4.5.2 Der wirtschaftliche Einbruch am Immobilienmarkt ist ebenso allgemein bekannt wie die daraus resultierenden Schwierigkeiten im Geschäftszweig der Schuldnerin. Soweit die Schuldnerin deutlich höhere Quadratmeterpreise im Umfeld des Objekts behauptet, lässt sie offen, ob sich dieser Wert (auch) auf unbefristet vermietete Objekte wie das hier gegenständliche bezieht oder nur leerstehende Wohnungen berücksichtigt. Der unbelegten Behauptung kommt daher keine Aussagekraft darüber zu, ob der hier dem Kaufpreis zu Grunde gelegte Quadratmeterpreis angemessen ist und der Kaufpreis dem Verkehrswert entspricht. Darüber hinaus ist der A* Holding Immobiliengruppe der Wertverfall bei unbefristet vermieteten Wohnungen von rund 50% seit 2018 bewusst, wie sich aus der E-Mail des Asset Managers J* vom 24.7.2024 ergibt, der (auszugsweise) schreibt: „Es wurde vor kurzem eine Altmieterwohnung in ** […] versteigert und draus lässt sich eventuell gut erkennen, wo aktuell die Marktpreise für „Altmieterwohnungen“ liegen: […] gekauft im Jahr 2018 um ca 250 TEUR, versteigert vor kurzem zu 150 TEUR bzw. um EUR 1.350,-- pro m² (also sprich fast 50% unter den Marktpreisen von 2018) […].“ (AS 869 in Band 8 = S. 3 in ./OOOO).
4.5.3 Welche „lukrativeren Käuferschichten“ nach Ansicht der Schuldnerin zu kontaktieren gewesen wären, bleibt ebenso unsubstantiiert wie auch die Behauptung, eine internationale Vermarktung hätte einen höheren Erlös erbracht.
4.5.4 Die Masseverwalterin hat ihre Verkaufsbemühungen transparent und nachvollziehbar dargelegt. Diese können keineswegs als unvollständig beurteilt werden.
Die Verkaufsbemühungen der Masseverwalterin zeigten entgegen der Argumentation der Schuldnerin, dass trotz aktiver Vermarktung durch eine Immobilienmaklerin und einer hohen Zahl an Anfragen lediglich ein Angebot für das unbefristet vermietete Erdgeschossobjekt zu einem über dem Schätzwert liegenden Preis gelegt wurde.
4.5.5 Auch in ihrer Argumentation hinsichtlich der Verkaufsdauer behauptet die Schuldnerin lediglich, dass eine bessere Verwertung möglich gewesen wäre. Eine Bescheinigung dazu bleibt sie aber ebenso schuldig wie auch substanziierte Anhaltspunkte für die „bessere“ Verwertung. Der beabsichtigte Verkauf der gegenständlichen Liegenschaft war zwischen 25.10.2024 und 3.6.2025 veröffentlicht, sodass keine zu kurze Vermarktungsdauer gegeben war.

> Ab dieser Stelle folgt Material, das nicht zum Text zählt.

lemma CX_restrict:
  "continuous_map X euclideanreal f \<Longrightarrow> (\<lambda>x. if x \<in> topspace X then f x else 0) \<in> CX X"
  unfolding CX_def by (auto intro: continuous_map_eq)

lemma strip_subset_CX: "strip X f e \<subseteq> CX X"
  by (auto simp: strip_def)

lemma centre_in_uball: "f \<in> CX X \<Longrightarrow> 0 < r \<Longrightarrow> f \<in> uball X f r"
  by (simp add: strip_def)

lemma uball_sym: "f \<in> CX X \<Longrightarrow> g \<in> uball X f r \<Longrightarrow> f \<in> uball X g r"
  by (auto simp: strip_def abs_minus_commute)

lemma uball_subset_uball:
  "g \<in> uball X f r \<Longrightarrow> r + s \<le> t \<Longrightarrow> uball X g s \<subseteq> uball X f t"
  by (force simp: strip_def)

lemma uball_mono: "r \<le> s \<Longrightarrow> uball X f r \<subseteq> uball X f s"
  by (auto simp: strip_def)

lemma uniformly_separableI:
  assumes "\<And>r. 0 < r \<Longrightarrow> \<exists>A\<subseteq>CX X. countable A \<and> CX X \<subseteq> (\<Union>a\<in>A. uball X a r)"
  shows "uniformly_separable X"
proof -
  have "\<forall>n. \<exists>A\<subseteq>CX X. countable A \<and> CX X \<subseteq> (\<Union>a\<in>A. uball X a (inverse (real (Suc n))))"
    using assms by simp
  then obtain A where A: "\<And>n. A n \<subseteq> CX X" "\<And>n. countable (A n)"
    "\<And>n. CX X \<subseteq> (\<Union>a\<in>A n. uball X a (inverse (real (Suc n))))"
    by metis
  show ?thesis
    unfolding uniformly_separable_def
  proof (intro exI[of _ "\<Union>n. A n"] conjI allI impI)
    show "(\<Union>n. A n) \<subseteq> CX X" "countable (\<Union>n. A n)"
      using A(1,2) by auto
    fix r :: real assume "0 < r"
    then obtain n where n: "inverse (real (Suc n)) < r"
      using reals_Archimedean by blast
    show "CX X \<subseteq> (\<Union>d\<in>\<Union>n. A n. uball X d r)"
    proof
      fix f assume "f \<in> CX X"
      with A(3) obtain a where "a \<in> A n" "f \<in> uball X a (inverse (real (Suc n)))"
        by blast
      moreover have "uball X a (inverse (real (Suc n))) \<subseteq> uball X a r"
        using n by (simp add: uball_mono)
      ultimately show "f \<in> (\<Union>d\<in>\<Union>n. A n. uball X d r)" by blast
    qed
  qed
qed

lemma uniformly_separable_topspace_empty:
  assumes "topspace X = {}"
  shows "uniformly_separable X"
  unfolding uniformly_separable_def
proof (intro exI[of _ "{\<lambda>_. 0}"] conjI allI impI)
  fix r :: real assume "0 < r"
  then show "CX X \<subseteq> (\<Union>d\<in>{\<lambda>_. 0}. uball X d r)"
    using assms by (auto simp: strip_def)
qed auto

lemma uniformly_separable_dense_sequence:
  assumes "uniformly_separable X"
  obtains u :: "nat \<Rightarrow> 'a \<Rightarrow> real"
  where "\<And>n. u n \<in> CX X" "\<And>f r. f \<in> CX X \<Longrightarrow> 0 < r \<Longrightarrow> \<exists>n. f \<in> uball X (u n) r"
proof -
  obtain D where D: "D \<subseteq> CX X" "countable D" "\<And>r. 0 < r \<Longrightarrow> CX X \<subseteq> (\<Union>d\<in>D. uball X d r)"
    using assms unfolding uniformly_separable_def by blast
  have "(\<lambda>_. 0) \<in> (\<Union>d\<in>D. uball X d 1)"
    using subsetD[OF D(3)[OF zero_less_one] CX_zero] .
  then have "D \<noteq> {}" by blast
  show thesis
  proof
    show "from_nat_into D n \<in> CX X" for n
      using from_nat_into[OF \<open>D \<noteq> {}\<close>] D(1) by blast
    fix f and r :: real assume "f \<in> CX X" "0 < r"
    then obtain d where "d \<in> D" "f \<in> uball X d r"
      using D(3) by blast
    then show "\<exists>n. f \<in> uball X (from_nat_into D n) r"
      using from_nat_into_surj[OF D(2)] by metis
  qed
qed

section \<open>Lower semicontinuous functions\<close>

lemma continuous_map_imp_lower_semicont:
  "continuous_map X euclideanreal h \<Longrightarrow> lower_semicont X h"
  by (simp add: lower_semicont_def continuous_map_upper_lower_semicontinuous_lt)

lemma lower_semicont_const: "lower_semicont X (\<lambda>_. c)"
  by (rule continuous_map_imp_lower_semicont) simp

lemma lower_semicont_diff:
  assumes "lower_semicont X h" "continuous_map X euclideanreal c"
  shows "lower_semicont X (\<lambda>x. h x - c x)"
  unfolding lower_semicont_def
proof
  fix t
  have eq: "{x \<in> topspace X. t < h x - c x} =
     (\<Union>s. {x \<in> topspace X. s < h x} \<inter> {x \<in> topspace X. c x < s - t})"
    (is "?L = ?R")
  proof
    show "?L \<subseteq> ?R"
    proof
      fix x assume x: "x \<in> ?L"
      define s where "s = (h x + t + c x) / 2"
      have "s < h x" "c x < s - t"
        using x by (simp_all add: s_def field_simps)
      with x show "x \<in> ?R" by blast
    qed
  qed auto
  have "openin X {x \<in> topspace X. c x < u}" for u
    using openin_continuous_map_preimage[OF assms(2), of "{..<u}"] by simp
  then have "openin X ({x \<in> topspace X. s < h x} \<inter> {x \<in> topspace X. c x < s - t})" for s
    using assms(1) by (simp add: lower_semicont_def openin_Int)
  then show "openin X {x \<in> topspace X. t < h x - c x}"
    unfolding eq by (intro openin_Union) blast
qed

lemma compact_space_lower_semicont_pos_bound:
  assumes "compact_space X" "lower_semicont X h" "\<And>x. x \<in> topspace X \<Longrightarrow> 0 < h x"
  obtains \<delta> where "0 < \<delta>" "\<And>x. x \<in> topspace X \<Longrightarrow> \<delta> < h x"
proof -
  define W where "W n = {x \<in> topspace X. 1 / (real n + 1) < h x}" for n :: nat
  have "topspace X \<subseteq> \<Union>(range W)"
  proof
    fix x assume x: "x \<in> topspace X"
    then obtain n where "inverse (real (Suc n)) < h x"
      using assms(3) reals_Archimedean by blast
    with x have "x \<in> W n" by (simp add: W_def inverse_eq_divide add.commute)
    then show "x \<in> \<Union>(range W)" by blast
  qed
  moreover have "openin X (W n)" for n
    using assms(2) by (simp add: W_def lower_semicont_def)
  ultimately obtain F where F: "finite F" "F \<subseteq> range W" "topspace X \<subseteq> \<Union>F"
    using assms(1) unfolding compact_space_alt by (metis rangeE)
  then obtain N where N: "finite N" "topspace X \<subseteq> (\<Union>n\<in>N. W n)"
    using finite_subset_image[OF F(1,2)] by blast
  define m where "m = Max (insert 0 N)"
  show thesis
  proof
    show "0 < 1 / (real m + 1)" by simp
    fix x assume "x \<in> topspace X"
    then obtain n where "n \<in> N" "x \<in> W n" using N by auto
    moreover from this have "1 / (real m + 1) \<le> 1 / (real n + 1)"
      using N(1) by (simp add: m_def frac_le)
    ultimately show "1 / (real m + 1) < h x" by (simp add: W_def)
  qed
qed

section \<open>The topologies \<open>C\<^sub>u\<close>, \<open>C\<^sub>m\<close> and \<open>C\<^sub>\<gamma>\<close>\<close>

lemma openin_topology_generated_by_coarsest:
  assumes "openin (topology_generated_by \<S>) U" "\<And>S. S \<in> \<S> \<Longrightarrow> openin T S"
  shows "openin T U"
  using generate_topology_on_coarsest[of "openin T" \<S> U] assms
  by (simp add: openin_topology_generated_by_iff)

lemma topspace_topology_generated_by_strips:
  assumes "\<And>S. S \<in> \<S> \<Longrightarrow> S \<subseteq> CX X" "\<And>f. f \<in> CX X \<Longrightarrow> uball X f 1 \<in> \<S>"
  shows "topspace (topology_generated_by \<S>) = CX X"
proof (simp only: topology_generated_by_topspace, rule equalityI)
  show "\<Union>\<S> \<subseteq> CX X" using assms(1) by blast
  show "CX X \<subseteq> \<Union>\<S>" using assms(2) centre_in_uball[OF _ zero_less_one] by blast
qed

lemma topspace_Cu [simp]: "topspace (Cu X) = CX X"
  unfolding Cu_def
  by (rule topspace_topology_generated_by_strips) (use strip_subset_CX zero_less_one in blast)+

lemma topspace_Cm [simp]: "topspace (Cm X) = CX X"
  unfolding Cm_def
  by (rule topspace_topology_generated_by_strips) (use strip_subset_CX in blast, force)

lemma topspace_Cgamma [simp]: "topspace (Cgamma X) = CX X"
  unfolding Cgamma_def
  by (rule topspace_topology_generated_by_strips)
     (use strip_subset_CX zero_less_one lower_semicont_const in blast)+

lemma openin_Cu_uball: "f \<in> CX X \<Longrightarrow> 0 < r \<Longrightarrow> openin (Cu X) (uball X f r)"
  unfolding Cu_def by (rule topology_generated_by_Basis) blast

lemma openin_Cu_imp_openin_Cm: "openin (Cu X) U \<Longrightarrow> openin (Cm X) U"
  unfolding Cu_def
  by (erule openin_topology_generated_by_coarsest) (force simp: Cm_def intro: topology_generated_by_Basis)

lemma openin_Cm_imp_openin_Cgamma: "openin (Cm X) U \<Longrightarrow> openin (Cgamma X) U"
  unfolding Cm_def
  by (erule openin_topology_generated_by_coarsest)
     (force simp: Cgamma_def intro: topology_generated_by_Basis continuous_map_imp_lower_semicont)

lemma openin_Cu_imp_openin_Cgamma: "openin (Cu X) U \<Longrightarrow> openin (Cgamma X) U"
  by (intro openin_Cm_imp_openin_Cgamma openin_Cu_imp_openin_Cm)

lemma uball_subset_strip_lower_semicont:
  assumes "compact_space X" "f \<in> CX X" "lower_semicont X \<eta>" "g \<in> strip X f \<eta>"
  obtains \<delta> where "0 < \<delta>" "uball X g \<delta> \<subseteq> strip X f \<eta>"
proof -
  have g: "g \<in> CX X" and gap: "\<And>x. x \<in> topspace X \<Longrightarrow> 0 < \<eta> x - \<bar>g x - f x\<bar>"
    using assms(4) by (auto simp: strip_def)
  have "continuous_map X euclideanreal (\<lambda>x. \<bar>g x - f x\<bar>)"
    using g assms(2) by (auto simp: CX_def intro!: continuous_intros)
  with assms(3) have "lower_semicont X (\<lambda>x. \<eta> x - \<bar>g x - f x\<bar>)"
    by (rule lower_semicont_diff)
  then obtain \<delta> where \<delta>: "0 < \<delta>" "\<And>x. x \<in> topspace X \<Longrightarrow> \<delta> < \<eta> x - \<bar>g x - f x\<bar>"
    using compact_space_lower_semicont_pos_bound[OF assms(1), of "\<lambda>x. \<eta> x - \<bar>g x - f x\<bar>"] gap
    by blast
  have "uball X g \<delta> \<subseteq> strip X f \<eta>"
  proof
    fix h assume h: "h \<in> uball X g \<delta>"
    have "\<bar>h x - f x\<bar> < \<eta> x" if "x \<in> topspace X" for x
    proof -
      have "\<bar>h x - g x\<bar> < \<delta>" using h that by (simp add: strip_def)
      with \<delta>(2)[OF that] show ?thesis by arith
    qed
    with h show "h \<in> strip X f \<eta>" by (simp add: strip_def)
  qed
  with \<delta>(1) show thesis ..
qed

text \<open>Compactness is essential: as the strips are defined by a pointwise strict inequality,
  a uniform strip need not contain a uniform strip around each of its points.\<close>
lemma openin_Cu_imp_uball_subset:
  assumes "compact_space X" "openin (Cu X) U" "g \<in> U"
  obtains r where "0 < r" "uball X g r \<subseteq> U"
proof -
  have "generate_topology_on {uball X f \<epsilon> |f \<epsilon>. f \<in> CX X \<and> 0 < \<epsilon>} U"
    using assms(2) unfolding Cu_def openin_topology_generated_by_iff .
  then have "\<forall>g\<in>U. \<exists>r>0. uball X g r \<subseteq> U"
  proof induction
    case (Int a b)
    show ?case
    proof
      fix g assume "g \<in> a \<inter> b"
      with Int.IH obtain r s where "0 < r" "uball X g r \<subseteq> a" "0 < s" "uball X g s \<subseteq> b"
        by blast
      moreover have "uball X g (min r s) \<subseteq> uball X g r" "uball X g (min r s) \<subseteq> uball X g s"
        by (simp_all add: uball_mono)
      ultimately have "uball X g (min r s) \<subseteq> a \<inter> b" "0 < min r s"
        by auto
      then show "\<exists>t>0. uball X g t \<subseteq> a \<inter> b" by blast
    qed
  next
    case (Basis s)
    then obtain f \<epsilon> where s: "s = uball X f \<epsilon>" "f \<in> CX X" by blast
    show ?case
    proof
      fix g assume "g \<in> s"
      then obtain \<delta> where "0 < \<delta>" "uball X g \<delta> \<subseteq> uball X f \<epsilon>"
        unfolding s(1) by (rule uball_subset_strip_lower_semicont[OF assms(1) s(2) lower_semicont_const])
      with s(1) show "\<exists>r>0. uball X g r \<subseteq> s" by blast
    qed
  next
    case (UN K)
    show ?case
    proof
      fix g assume "g \<in> \<Union>K"
      then obtain k where "k \<in> K" "g \<in> k" by blast
      with UN.IH obtain r where "0 < r" "uball X g r \<subseteq> k" by blast
      with \<open>k \<in> K\<close> show "\<exists>r>0. uball X g r \<subseteq> \<Union>K" by blast
    qed
  qed simp
  with assms(3) show thesis
    using that by blast
qed

lemma openin_Cu_compact_space:
  assumes "compact_space X"
  shows "openin (Cu X) U \<longleftrightarrow> U \<subseteq> CX X \<and> (\<forall>g\<in>U. \<exists>r>0. uball X g r \<subseteq> U)"
proof
  assume U: "openin (Cu X) U"
  have "U \<subseteq> CX X"
    using openin_subset[OF U] by simp
  moreover have "\<exists>r>0. uball X g r \<subseteq> U" if "g \<in> U" for g
    using openin_Cu_imp_uball_subset[OF assms U that] by blast
  ultimately show "U \<subseteq> CX X \<and> (\<forall>g\<in>U. \<exists>r>0. uball X g r \<subseteq> U)" by blast
next
  assume U: "U \<subseteq> CX X \<and> (\<forall>g\<in>U. \<exists>r>0. uball X g r \<subseteq> U)"
  show "openin (Cu X) U"
  proof (subst openin_subopen, intro ballI)
    fix g assume "g \<in> U"
    with U obtain r where r: "0 < r" "uball X g r \<subseteq> U" and g: "g \<in> CX X" by blast
    have "openin (Cu X) (uball X g r)" "g \<in> uball X g r"
      using openin_Cu_uball[OF g r(1)] centre_in_uball[OF g r(1)] .
    with r(2) show "\<exists>T. openin (Cu X) T \<and> g \<in> T \<and> T \<subseteq> U" by blast
  qed
qed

5. Zusammengefasst stellte die Schuldnerin dem Konzept der Masseverwalterin kein überprüfbar besseres Konzept gegenüber, sondern stellte lediglich unsubstantiierte Behauptungen auf. Auf die allgemein bekannte problematische Situation am Immobilienmarkt kann verwiesen werden. Das Rekursgericht hegt keine Bedenken an der Zweckmäßigkeit der gegenständlichen Verwertung und des vorliegenden Kaufvertrags. Dem Rekurs bleibt ein Erfolg somit versagt.
6. Der Ausspruch über die Unzulässigkeit des Revisionsrekurses beruht auf § 528 Abs 2 Z 2 ZPO iVm § 252 IO.